Friday, September 03, 2021

Much-touted Bangladesh study of masks is a snark

Multiple accounts have popped up (e.g. here) saying that the study vindicates mask-wearing. It does not. Just two quotes from the study abstract tell the tale:

"Neither participants nor field staff were blinded to intervention assignment"

"The proportion of individuals with COVID-like symptoms was 7.62% (N=13,273) in the intervention arm and 8.62% (N=13,893) in the control arm"

For a start, the study was of people with "COVID-like symptoms", not actual disease and there was NO data on deaths. So there is a lot of room for slippage there. How often were the "symptoms" actually indicative of COVID infection?

Secondly, the figures for mask-wearers and non-mask-wearers differed only slightly (7.62% vs 8.62%) -- to a degree readily explainable by the fact that the study was not blinded. The experimenters knew who the wearers and non-wearers were and it is routine that such a circumstance gives results favourable to the hypothesis.

Not blinding the study was a huge breach of scientific protocol and renders the results of zero authority.


1st Patient Begins Pfizer’s Oral COVID-19 Drug Trial

The first patient in a clinical trial analyzing Pfizer’s oral COVID-19 drug has received the first dose of the medication, the company announced on Sept. 1.

The study is analyzing a protease inhibitor known as PF-07321332. The drug is meant to combat COVID-19 in patients who experience symptoms from the disease, but don’t require hospital care.

The randomized, double-blind trial will enroll about 1,140 participants, approximately half of whom will receive a placebo. The participants will receive the drug or the placebo every 12 hours orally for five days.

People who are given the drug will also receive ritonavir.

“If successful, we believe this therapy could help reduce severity of illness among a broad population of patients,” Rod MacKenzie, Pfizer’s chief development officer, said in a statement.

The company has already begun a separate trial that’s testing a different protease inhibitor, this one administered via IV.

Inhibitors are a type of medication that stops viruses from replicating.

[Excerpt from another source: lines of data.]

(* Let $k\ge3$ and let $\sigma,\tau\in\mathfrak S_{k-2}$ be consecutive patterns with $A_\sigma(z)=A_\tau(z)$. Then $A_{1\text{-}\sigma\text{-}k}(z)=A_{1\text{-}\tau\text{-}k}(z)$, where for $\sigma=\sigma_1\cdots\sigma_{k-2}$, $1\text{-}\sigma\text{-}k$ denotes the generalized pattern $1\text{-}(\sigma_1+1)\cdots(\sigma_{k-2}+1)\text{-}k$. In particular $A_{1\text{-}23\text{-}4}(z)=A_{1\text{-}32\text{-}4}(z)$.
   Context: $\mathfrak S_n$ is the symmetric group on $\{1,\dots,n\}$, permutations in one-line notation. A generalized pattern of length $m$ is a permutation $\sigma_1\cdots\sigma_m\in\mathfrak S_m$ with, between each pair of adjacent entries, either a dash "-" or nothing. A permutation $\pi\in\mathfrak S_n$ contains it if there are indices $i_1<\dots<i_m$ with $i_{j+1}=i_j+1$ whenever there is no dash between $\sigma_j$ and $\sigma_{j+1}$, and with $\pi_{i_a}<\pi_{i_b}$ iff $\sigma_a<\sigma_b$ for all $a,b$; otherwise $\pi$ avoids it. A consecutive pattern has no dashes. $\alpha_n(\sigma)$ is the number of permutations in $\mathfrak S_n$ avoiding $\sigma$ ($\alpha_0=1$) and $A_\sigma(z)=\sum_{n\ge0}\alpha_n(\sigma)z^n/n!$. *)

theory Defs
  imports "HOL-Computational_Algebra.Formal_Power_Series"
begin

definition perms :: "nat \<Rightarrow> nat list set" where
  "perms n = {p. distinct p \<and> set p = {1..n}}"

text \<open>A generalized pattern: a permutation word sigma of length m together with a
  list d of length m-1; d!j = True means there is a dash between sigma!j and sigma!(j+1)
  (0-based positions), False means the two entries must be adjacent.\<close>
type_synonym gpat = "nat list \<times> bool list"

definition contains :: "nat list \<Rightarrow> gpat \<Rightarrow> bool" where
  "contains p pat = (case pat of (sg, d) \<Rightarrow>
     (\<exists>ix::nat \<Rightarrow> nat.
        (\<forall>j<length sg. ix j < length p) \<and>
        (\<forall>j. j + 1 < length sg \<longrightarrow> ix j < ix (j + 1)) \<and>
        (\<forall>j. j + 1 < length sg \<longrightarrow> \<not> d ! j \<longrightarrow> ix (j + 1) = ix j + 1) \<and>
        (\<forall>a<length sg. \<forall>b<length sg. (p ! ix a < p ! ix b) = (sg ! a < sg ! b))))"

definition avoids :: "nat list \<Rightarrow> gpat \<Rightarrow> bool" where
  "avoids p pat = (\<not> contains p pat)"

definition alpha :: "gpat \<Rightarrow> nat \<Rightarrow> nat" where
  "alpha pat n = (if n = 0 then 1 else card {p \<in> perms n. avoids p pat})"

definition egf :: "gpat \<Rightarrow> real fps" where
  "egf pat = Abs_fps (\<lambda>n. of_nat (alpha pat n) / fact n)"

definition consec :: "nat list \<Rightarrow> gpat" where
  "consec sg = (sg, replicate (length sg - 1) False)"

definition wrap :: "nat list \<Rightarrow> gpat" where
  "wrap sg = (1 # map Suc sg @ [length sg + 2],
              True # replicate (length sg - 1) False @ [True])"

end

theory Submission
  imports Defs
begin

(* Call a position of a permutation p a record if it carries a left-to-right minimum or a
   right-to-left maximum, and call the maximal runs of non-record positions the gaps of p.
   An occurrence of 1-sigma-k in p is the same thing as a consecutive occurrence of sigma
   inside one gap: no record can lie inside the middle block of such an occurrence, and
   conversely every gap lies above the last left-to-right minimum before it and below the
   first right-to-left maximum after it.  Permuting the entries inside each gap leaves the
   records, hence the gaps, unchanged.  So if sigma-avoiders and tau-avoiders are equinumerous
   on every set of values, replacing every gap of a 1-sigma-k-avoider by its image under a
   value-preserving injection from sigma-avoiders to tau-avoiders injects the 1-sigma-k-avoiders
   into the 1-tau-k-avoiders, and symmetry gives equality.  For 1-23-4 and 1-32-4 note that
   12 and 21 are exchanged by reversal. *)

section \<open>Order-isomorphic words and pattern occurrences\<close>

definition same_order :: "nat list \<Rightarrow> nat list \<Rightarrow> bool" where
  "same_order xs ys \<longleftrightarrow> length xs = length ys \<and>
     (\<forall>a<length xs. \<forall>b<length xs. (xs ! a < xs ! b) = (ys ! a < ys ! b))"

definition occurs_at :: "nat list \<Rightarrow> nat list \<Rightarrow> nat \<Rightarrow> bool" where
  "occurs_at p sg i \<longleftrightarrow> i + length sg \<le> length p \<and> same_order (map (nth p) [i..<i + length sg]) sg"

lemma contains_iff_same_order:
  "contains p (sg, d) \<longleftrightarrow> (\<exists>ix. (\<forall>j<length sg. ix j < length p) \<and>
     (\<forall>j. j + 1 < length sg \<longrightarrow> ix j < ix (j + 1)) \<and>
     (\<forall>j. j + 1 < length sg \<longrightarrow> \<not> d ! j \<longrightarrow> ix (j + 1) = ix j + 1) \<and>
     same_order (map (\<lambda>j. p ! ix j) [0..<length sg]) sg)"
  unfolding contains_def same_order_def by simp

lemma same_order_map_strict_mono:
  assumes "strict_mono_on (set xs) g"
  shows "same_order (map g xs) ys \<longleftrightarrow> same_order xs ys"
  using strict_mono_on_less[OF assms] by (auto simp: same_order_def)

lemma contains_map_strict_mono:
  assumes "strict_mono_on (set p) g"
  shows "contains (map g p) pat \<longleftrightarrow> contains p pat"
proof -
  have "same_order (map (\<lambda>j. map g p ! ix j) [0..<m]) sg \<longleftrightarrow> same_order (map (\<lambda>j. p ! ix j) [0..<m]) sg"
    if "\<forall>j<m. ix j < length p" for ix m sg
  proof -
    have "map (\<lambda>j. map g p ! ix j) [0..<m] = map g (map (\<lambda>j. p ! ix j) [0..<m])"
      using that by simp
    moreover have "strict_mono_on (set (map (\<lambda>j. p ! ix j) [0..<m])) g"
      using that by (auto intro: monotone_on_subset[OF assms])
    ultimately show ?thesis by (simp only: same_order_map_strict_mono)
  qed
  then show ?thesis
    by (cases pat) (simp add: contains_iff_same_order cong: conj_cong)
qed

lemma contains_consec_iff:
  assumes "sg \<noteq> []"
  shows "contains p (consec sg) \<longleftrightarrow> (\<exists>i. occurs_at p sg i)"
proof
  assume "contains p (consec sg)"
  then obtain ix where bound: "\<forall>j<length sg. ix j < length p"
    and adjacent: "\<forall>j. j + 1 < length sg \<longrightarrow> ix (j + 1) = ix j + 1"
    and order: "same_order (map (\<lambda>j. p ! ix j) [0..<length sg]) sg"
    unfolding consec_def contains_iff_same_order by auto
  have ix: "j < length sg \<Longrightarrow> ix j = ix 0 + j" for j
    by (induction j) (use adjacent in auto)
  have "map (\<lambda>j. p ! ix j) [0..<length sg] = map (nth p) [ix 0..<ix 0 + length sg]"
    by (rule nth_equalityI) (simp_all add: ix)
  moreover have "ix 0 + length sg \<le> length p"
    using bound ix[of "length sg - 1"] assms by (cases sg) auto
  ultimately show "\<exists>i. occurs_at p sg i"
    using order unfolding occurs_at_def by metis
next
  assume "\<exists>i. occurs_at p sg i"
  then obtain i where "occurs_at p sg i" ..
  moreover have "map (\<lambda>j. p ! (i + j)) [0..<length sg] = map (nth p) [i..<i + length sg]"
    by (rule nth_equalityI) simp_all
  ultimately show "contains p (consec sg)"
    unfolding consec_def contains_iff_same_order occurs_at_def
    by (intro exI[of _ "\<lambda>j. i + j"]) auto
qed

lemma same_order_commute: "same_order xs ys \<longleftrightarrow> same_order ys xs"
  unfolding same_order_def by auto

lemma same_order_Cons:
  "same_order (x # xs) (y # ys) \<longleftrightarrow> same_order xs ys \<and>
     (\<forall>a<length xs. (x < xs ! a \<longleftrightarrow> y < ys ! a) \<and> (xs ! a < x \<longleftrightarrow> ys ! a < y))"
  unfolding same_order_def by (auto simp: All_less_Suc2)

lemma same_order_snoc:
  "same_order (xs @ [x]) (ys @ [y]) \<longleftrightarrow> same_order xs ys \<and>
     (\<forall>a<length xs. (x < xs ! a \<longleftrightarrow> y < ys ! a) \<and> (xs ! a < x \<longleftrightarrow> ys ! a < y))"
  unfolding same_order_def by (auto simp: All_less_Suc nth_append)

Antiviral pills against COVID-19 have yet to be developed. The IV-administered remdesivir, produced by Gilead Sciences, was approved by U.S. drug regulators in 2020.

Other companies are also attempting to produce the medicines, including Merck and Roche.

Merck has already begun a late-stage trial analyzing its pill candidate, dubbed molnupiravir. Interim results from a phase two trial for Roche’s pill, AT-527, have shown promising results, Roche and its partner Atea Pharmaceuticals stated in July.

Pfizer said that if its trial shows PF-07321332 is safe and effective, it could ask regulators for authorization in the fourth quarter of 2021.


The developer of ivermectin is performing late-stage trials on a drug that could actually prevent COVID-19

Merck & Co partnered with Ridgeback Biotherapeutics to develop molnupiravir.

Enrollment for late-stage trials for their drug have already started.

The companies hope the drug could prevent COVID-19 infection in patients, but have yet to share further detail of how exactly it will be used.

Merck is also the developer of ivermectin, an anti-parasite drug that has gained infamy due to false claims that it could combat the virus - which is the real use for molnupiravir.

Molnupiravir could fill the role that many are currently incorrectly using ivermectin for.

A study by the University of North Carolina at Chapel Hill found that the drug could prevent replication of viral cells of COVID-19 and other similar viruses.

The drug, which can be taken via a pill, is now entering late stage trials in the United States as Merck plans to eventually seek FDA approval.

Over 1,300 volunteers aged 18 or older will be recruited for the study and live in a house with someone who has a symptomatic case of the COVID-19.

Merck also plans to use the drug in some lower income countries in the meanwhile, attempting to acquire emergency authorization.

The company has partnered with Indian generic drug manufacturers to produce and sell versions of molnupiravir in the country, pending approval from local regulators.

Merck hopes the drug could help alleviate these countries COVID-19 situations while they await a larger supply of the vaccine. '

Only around 36 percent of Indians have received at least one shot of the virus, and less than 11 percent are fully vaccinated.